Соседи (сборник)
Шрифт:
Послушав, как зашумел от ветра учительский сад, как ожили и закачались деревья, он, о чем-то сожалея, медленно пошел по улице, держась левой стороны, на которой жил Петр Иванович. Неясное сожаление Якова оформилось в четкую мысль: почему он все-таки пошел домой по деревне? Ведь он, пока сидели у Петра Ивановича, несколько раз думал, что пойдет по огороду Мезенцевых? Глядишь, встретился бы с ночным гостем… Может, он в эту минуту как раз на огороде! А если никого нет, спокойно бы пришел по задам домой.

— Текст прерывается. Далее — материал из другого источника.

lemma mst_exists: "\<exists>T. minimum_spanning_tree X d T"
proof -
  have "{T. spanning_tree X T} \<subseteq> Pow (all_pairs X)"
    by (auto simp: spanning_tree_def is_graph_on_def)
  then have "finite {T. spanning_tree X T}"
    using finite_all_pairs[OF finite_space] by (simp add: finite_subset)
  moreover obtain T0 where "spanning_tree X T0"
    using connected_graph_has_spanning_tree[OF finite_space _ complete_graph_connected]
    by (auto simp: complete_graph_def)
  ultimately obtain T where "is_arg_min total_weight (\<lambda>T. T \<in> {T. spanning_tree X T}) T"
    using ex_is_arg_min_if_finite[of "{T. spanning_tree X T}" total_weight] by blast
  then show ?thesis
    unfolding minimum_spanning_tree_def is_arg_min_def by (auto simp: not_less)
qed

lemma mst_inside_light_connected_graph:
  assumes "minimum_spanning_tree X d T" "H \<subseteq> all_pairs X" "connected_graph X H"
    "total_weight H \<le> total_weight T"
  obtains T' where "T' \<subseteq> H" "minimum_spanning_tree X d T'"
proof -
  obtain T' where "T' \<subseteq> H" "spanning_tree X T'"
    using connected_graph_has_spanning_tree[OF finite_space assms(2,3)] .
  moreover have "total_weight T' \<le> total_weight T"
    using total_weight_mono[OF \<open>T' \<subseteq> H\<close> assms(2)] assms(4) by linarith
  then have "minimum_spanning_tree X d T'"
    using \<open>spanning_tree X T'\<close> assms(1) unfolding minimum_spanning_tree_def by force
  ultimately show ?thesis using that by blast
qed

lemma mst_edge_is_bridge:
  assumes "minimum_spanning_tree X d T" "{x, y} \<in> T"
  shows "\<not> reach (T - {{x, y}}) x y"
proof
  assume "reach (T - {{x, y}}) x y"
  have "T \<subseteq> all_pairs X" "connected_graph X T"
    using assms(1) by (auto simp: minimum_spanning_tree_def spanning_tree_def is_graph_on_def)
  then have "total_weight T \<le> total_weight (T - {{x, y}})"
    using mst_weight_le_connected[OF assms(1)]
      connected_graph_replace_edge[OF _ subset_refl \<open>reach (T - {{x, y}}) x y\<close>] by blast
  moreover have "finite T" using \<open>T \<subseteq> all_pairs X\<close> by (rule finite_edge_set)
  then have "total_weight (T - {{x, y}}) = total_weight T - edge_weight d {x, y}"
    using assms(2) by (simp add: sum_diff1)
  moreover have "0 < edge_weight d {x, y}"
    using edge_weight_pos \<open>T \<subseteq> all_pairs X\<close> assms(2) by blast
  ultimately show False by linarith
qed
text \<open>A Poincare lemma: differentiate under the integral sign (Leibniz rule) and integrate
  the radial derivative of \<open>t F(t x)\<close>.\<close>
lemma has_derivative_radial_potential:
  fixes F :: "real^'n \<Rightarrow> real^'n" and M :: "real^'n \<Rightarrow> real^'n^'n"
  assumes dF: "\<And>y. (F has_derivative (\<lambda>h. M y *v h)) (at y)"
    and cM: "continuous_on UNIV M"
    and sym: "\<And>y h k. k \<bullet> (M y *v h) = h \<bullet> (M y *v k)"
  shows "(radial_potential F has_derivative (\<lambda>h. h \<bullet> F x)) (at x)"
proof -
  define w where "w y t = t *\<^sub>R (M (t *\<^sub>R y) *v y) + F (t *\<^sub>R y)" for y and t :: real
  have cF: "continuous_on UNIV F"
    using dF by (meson continuous_at_imp_continuous_on has_derivative_continuous)
  have cw: "continuous_on (UNIV \<times> {0..1}) (\<lambda>(y, t). w y t)"
  proof -
    have ray: "continuous_on (UNIV \<times> {0..1::real}) (\<lambda>p::(real^'n) \<times> real. snd p *\<^sub>R fst p)"
      by (intro continuous_intros)
    have "continuous_on (UNIV \<times> {0..1::real})
        (\<lambda>p. snd p *\<^sub>R (M (snd p *\<^sub>R fst p) *v fst p) + F (snd p *\<^sub>R fst p))"
      by (intro continuous_intros continuous_on_matrix_vector_mult
          continuous_on_compose2[OF cM ray] continuous_on_compose2[OF cF ray]) auto
    thus ?thesis by (simp add: w_def case_prod_beta)
  qed
  hence cont_inner: "continuous_on (UNIV \<times> {0..1}) (\<lambda>(y, t). blinfun_inner_left (w y t))"
    using bounded_linear.continuous_on[OF bounded_linear_blinfun_inner_left]
    by (simp add: case_prod_beta)
  have "((\<lambda>y. integral (cbox 0 1) (\<lambda>t. F (t *\<^sub>R y) \<bullet> y)) has_derivative
      integral (cbox 0 1) (\<lambda>t. blinfun_inner_left (w x t))) (at x within UNIV)"
  proof (rule leibniz_rule[where f = "\<lambda>y t. F (t *\<^sub>R y) \<bullet> y"])
    show "((\<lambda>y. F (t *\<^sub>R y) \<bullet> y) has_derivative blinfun_apply (blinfun_inner_left (w y t)))
        (at y within UNIV)" for y t
      using has_derivative_radial_integrand[OF dF sym] by (simp add: w_def inner_commute)
    have "continuous_on {0..1} (\<lambda>t. F (t *\<^sub>R y) \<bullet> y)" for y
      by (intro continuous_intros continuous_on_compose2[OF cF]) auto
    thus "(\<lambda>t. F (t *\<^sub>R y) \<bullet> y) integrable_on cbox 0 1" for y
      by (simp add: integrable_continuous_real)
  qed (use cont_inner in auto)
  moreover have "blinfun_apply (integral {0..1} (\<lambda>t. blinfun_inner_left (w x t))) = (\<lambda>h. h \<bullet> F x)"
  proof
    fix h
    have "continuous_on {0..1::real} (Pair x)" by (intro continuous_intros)
    from continuous_on_compose2[OF cw this] have "continuous_on {0..1} (w x)" by auto
    from bounded_linear.continuous_on[OF bounded_linear_blinfun_inner_left this]
    have "continuous_on {0..1} (\<lambda>t. blinfun_inner_left (w x t))" .
    hence "blinfun_apply (integral {0..1} (\<lambda>t. blinfun_inner_left (w x t))) h
        = integral {0..1} (\<lambda>t. h \<bullet> w x t)"
      by (simp add: blinfun_apply_integral integrable_continuous_real inner_commute)
    also have "\<dots> = h \<bullet> F x"
      using radial_derivative_has_integral[OF dF] by (simp add: w_def integral_unique)
    finally show "blinfun_apply (integral {0..1} (\<lambda>t. blinfun_inner_left (w x t))) h = h \<bullet> F x" .
  qed
  ultimately show ?thesis by (simp add: radial_potential_def[abs_def])
qed
lemma far_jump_needs_long_jump:
  assumes kl: "k < length (cls_pos conf r)" and v: "1 \<le> v"
    and far: "cls_pos conf r ! k + int v \<le> new_pos conf \<omega> r ! k"
  defines "x \<equiv> cls_pos conf r ! k"
  shows "v - card (lower_sites conf r x (x + int v)) \<le> snd (\<omega> (r, x))"
proof -
  define A S I where "A = lower_sites conf r x (x + int v)"
    and "S = {a. (a, a) \<in> set (lower_moves conf \<omega> r)}" and "I = {x<..x + int v - 1}"
  have "finite S"
    using finite_fst_mem_set[of "lower_moves conf \<omega> r" "\<lambda>a b. a = b"] unfolding S_def by simp
  moreover have "x + int v - 1 < adv S x (snd (\<omega> (r, x)))"
    using far_jump_unobstructed(2)[OF kl v far] unfolding x_def S_def by simp
  ultimately have "card (I - S) < snd (\<omega> (r, x))" using card_less_adv v unfolding I_def by simp
  moreover have "I - A \<subseteq> I - S"
    using lower_moves_cls unfolding I_def A_def S_def lower_sites_def by fastforce
  then have "card (I - A) \<le> card (I - S)" unfolding I_def by (intro card_mono) auto
  moreover have "A \<subseteq> I" unfolding A_def I_def lower_sites_def by auto
  then have "card (I - A) = v - 1 - card A"
    by (simp add: card_Diff_subset finite_subset I_def)
  ultimately show ?thesis unfolding A_def by linarith
qed

lemma card_lower_sites_le: "card (lower_sites conf r x (x + int v)) \<le> v - 1"
proof -
  have "lower_sites conf r x (x + int v) \<subseteq> {x<..x + int v - 1}" unfolding lower_sites_def by auto
  then show ?thesis using card_mono[of "{x<..x + int v - 1}"] by (simp add: nat_diff_distrib')
qed

lemma prob_geometric_pmf_ge:
  assumes "0 < p" "p \<le> 1"
  shows "measure_pmf.prob (geometric_pmf p) {g. m \<le> g} = (1 - p) ^ m"
proof (induction m)
  case 0
  then show ?case by simp
next
  case (Suc m)
  have "{g. Suc m \<le> g} = {g. m \<le> g} - {m}" by auto
  then have "measure_pmf.prob (geometric_pmf p) {g. Suc m \<le> g}
      = measure_pmf.prob (geometric_pmf p) {g. m \<le> g} - measure_pmf.prob (geometric_pmf p) {m}"
    by (simp add: measure_pmf.finite_measure_Diff)
  also have "\<dots> = (1 - p) ^ m - (1 - p) ^ m * p" using Suc assms by (simp add: measure_pmf_single)
  finally show ?case by (simp add: algebra_simps)
qed

lemma prob_Suc_geometric_pmf_ge:
  assumes "0 \<le> q" "q < 1" "1 \<le> t"
  shows "measure_pmf.prob (map_pmf Suc (geometric_pmf (1 - q))) {m. t \<le> m} = q ^ (t - 1)"
proof -
  have "Suc -` {m. t \<le> m} = {g. t - 1 \<le> g}" using assms(3) by auto
  then show ?thesis using prob_geometric_pmf_ge[of "1 - q" "t - 1"] assms(1,2) by simp
qed

lemma measure_Pi_pmf_Ball:
  assumes "finite I" "J \<subseteq> I"
  shows "measure_pmf.prob (Pi_pmf I d p) {\<omega>. \<forall>i\<in>J. \<omega> i \<in> B i} = (\<Prod>i\<in>J. measure_pmf.prob (p i) (B i))"
proof -
  have "{\<omega>. \<forall>i\<in>J. \<omega> i \<in> B i} = Pi I (\<lambda>i. if i \<in> J then B i else UNIV)"
    using assms(2) by (auto simp: Pi_def)
  then have "measure_pmf.prob (Pi_pmf I d p) {\<omega>. \<forall>i\<in>J. \<omega> i \<in> B i}
      = (\<Prod>i\<in>I. if i \<in> J then measure_pmf.prob (p i) (B i) else 1)"
    using assms(1) by (simp add: measure_Pi_pmf_Pi if_distrib cong: if_cong)
  also have "\<dots> = (\<Prod>i\<in>J. measure_pmf.prob (p i) (B i))"
    using assms by (simp add: prod.If_cases Int_absorb1)
  finally show ?thesis .
qed

lemma measure_pmf_prob_mono_on_support:
  "E \<inter> set_pmf M \<subseteq> F \<Longrightarrow> measure_pmf.prob M E \<le> measure_pmf.prob M F"
  using measure_pmf.finite_measure_mono[of "E \<inter> set_pmf M" F M] by (simp add: measure_Int_set_pmf)
(* Let $G=\mathbb{R}\ltimes\mathbb{R}^2$, where $t\in\mathbb{R}$ acts on $\mathbb{R}^2$ by rotation through angle $2\pi t$. Let $\varrho=\begin{bmatrix}1&0\\0&-1\end{bmatrix}$ and define $\varphi(t,x)=(-t,2\varrho x)$ for $t\in\mathbb{R}$, $x\in\mathbb{R}^2$. Then $\varphi$ is a continuous automorphism of $G$ with $R(\varphi)=1$, and the automorphism $\varphi_1$ it induces on $G/Z(G)\cong \mathrm{SO}(2,\mathbb{R})\ltimes\mathbb{R}^2$ (standard action) also satisfies $R(\varphi_1)=1$. Consequently neither $\mathbb{R}\ltimes\mathbb{R}^2$ nor $\mathrm{SO}(2,\mathbb{R})\ltimes\mathbb{R}^2$ (with these actions) has the topological $R_\infty$-property.
   Context: For an automorphism $\varphi$ of a group $G$, the $\varphi$-twisted conjugacy classes are the equivalence classes of the relation $x\sim_\varphi y$ iff $y=gx\varphi(g)^{-1}$ for some $g\in G$; $R(\varphi)\in\mathbb{N}\cup\{\infty\}$ is their number. $Z(G)$ is the center of $G$ (here the subgroup $\{(k,0):k\in\mathbb{Z}\}$). A topological group $G$ has the topological $R_\infty$-property if $R(\varphi)=\infty$ for every automorphism $\varphi$ of $G$ that is a homeomorphism. *)

theory Defs
  imports "HOL-Analysis.Analysis" "HOL-Algebra.Algebra"
begin

definition twisted_rel :: "('a, 'b) monoid_scheme \<Rightarrow> ('a \<Rightarrow> 'a) \<Rightarrow> ('a \<times> 'a) set" where
  "twisted_rel G \<phi> = {(x, y). x \<in> carrier G \<and> y \<in> carrier G \<and>
      (\<exists>g \<in> carrier G. y = g \<otimes>\<^bsub>G\<^esub> x \<otimes>\<^bsub>G\<^esub> inv\<^bsub>G\<^esub> (\<phi> g))}"

definition twisted_classes :: "('a, 'b) monoid_scheme \<Rightarrow> ('a \<Rightarrow> 'a) \<Rightarrow> 'a set set" where
  "twisted_classes G \<phi> = carrier G // twisted_rel G \<phi>"

definition reidemeister :: "('a, 'b) monoid_scheme \<Rightarrow> ('a \<Rightarrow> 'a) \<Rightarrow> enat" where
  "reidemeister G \<phi> = (if finite (twisted_classes G \<phi>) then enat (card (twisted_classes G \<phi>)) else \<infinity>)"

definition group_center :: "('a, 'b) monoid_scheme \<Rightarrow> 'a set" where
  "group_center G = {z \<in> carrier G. \<forall>g \<in> carrier G. z \<otimes>\<^bsub>G\<^esub> g = g \<otimes>\<^bsub>G\<^esub> z}"

definition top_R_infty :: "('a, 'b) monoid_scheme \<Rightarrow> 'a topology \<Rightarrow> bool" where
  "top_R_infty G T \<longleftrightarrow> (\<forall>\<phi>. \<phi> \<in> iso G G \<and> homeomorphic_map T T \<phi> \<longrightarrow> reidemeister G \<phi> = \<infinity>)"

definition rot :: "real \<Rightarrow> real^2^2" where
  "rot t = vector [vector [cos (2*pi*t), - sin (2*pi*t)], vector [sin (2*pi*t), cos (2*pi*t)]]"

definition rho :: "real^2^2" where
  "rho = vector [vector [1, 0], vector [0, -1]]"

definition RR2 :: "(real \<times> (real^2)) monoid" where
  "RR2 = \<lparr>carrier = UNIV, mult = (\<lambda>(t, x) (s, y). (t + s, x + rot t *v y)), one = (0, 0)\<rparr>"

definition SO2 :: "(real^2^2) set" where
  "SO2 = {A. orthogonal_matrix A \<and> det A = 1}"

definition SO2R2 :: "((real^2^2) \<times> (real^2)) monoid" where
  "SO2R2 = \<lparr>carrier = SO2 \<times> UNIV, mult = (\<lambda>(A, x) (B, y). (A ** B, x + A *v y)), one = (mat 1, 0)\<rparr>"

text \<open>The quotient map G -> G/Z(G) = SO(2) semidirect R^2.\<close>
definition proj :: "real \<times> (real^2) \<Rightarrow> (real^2^2) \<times> (real^2)" where
  "proj = (\<lambda>(t, x). (rot t, x))"

definition phi :: "real \<times> (real^2) \<Rightarrow> real \<times> (real^2)" where
  "phi = (\<lambda>(t, x). (- t, 2 *\<^sub>R (rho *v x)))"

end

theory Submission
  imports Defs
begin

Дорога от магазина свернула влево, к реке, и стало видно Боковскую улицу, на которой горел свет в одном-единственном доме — у Володи Петренко. «Скорее всего,
Перед тем как спуститься в падинку и перейти проулок, ведущий к кузнице, Яков заподозрил что-то неладное: только что он слышал шаги в проулке, чей-то разговор, — и вдруг все смолкло! В кузнице в это время никто не работал; за кузницей — поскотина, болото… Человеку здесь ночью делать нечего… Снова послышались шаги в проулке, и Яков на слух определил — около его прясла! Кто-то засек, что Яков пошел к учителю, передал тому, кто ходит, и тот решил проучить Якова, чтобы не лез не в свое дело… А может, затеял похуже что-нибудь? Петра Ивановича боится тронуть, а Якова — можно… «Я покажу сейчас, кого можно трогать, а кого — нельзя! — обозлившись, едва не вслух сказал Яков. — Я не Петр Иванович, я сразу зашибу!» В ичигах Яков неслышно и быстро двигался вдоль своего прясла, чувствуя, как бешеной силой наливаются мускулы… С кем-то столкнулся…
— Ой, не надо, не надо, — пробормотал пьяный голос, и Яков узнал ветеринарного фельдшера.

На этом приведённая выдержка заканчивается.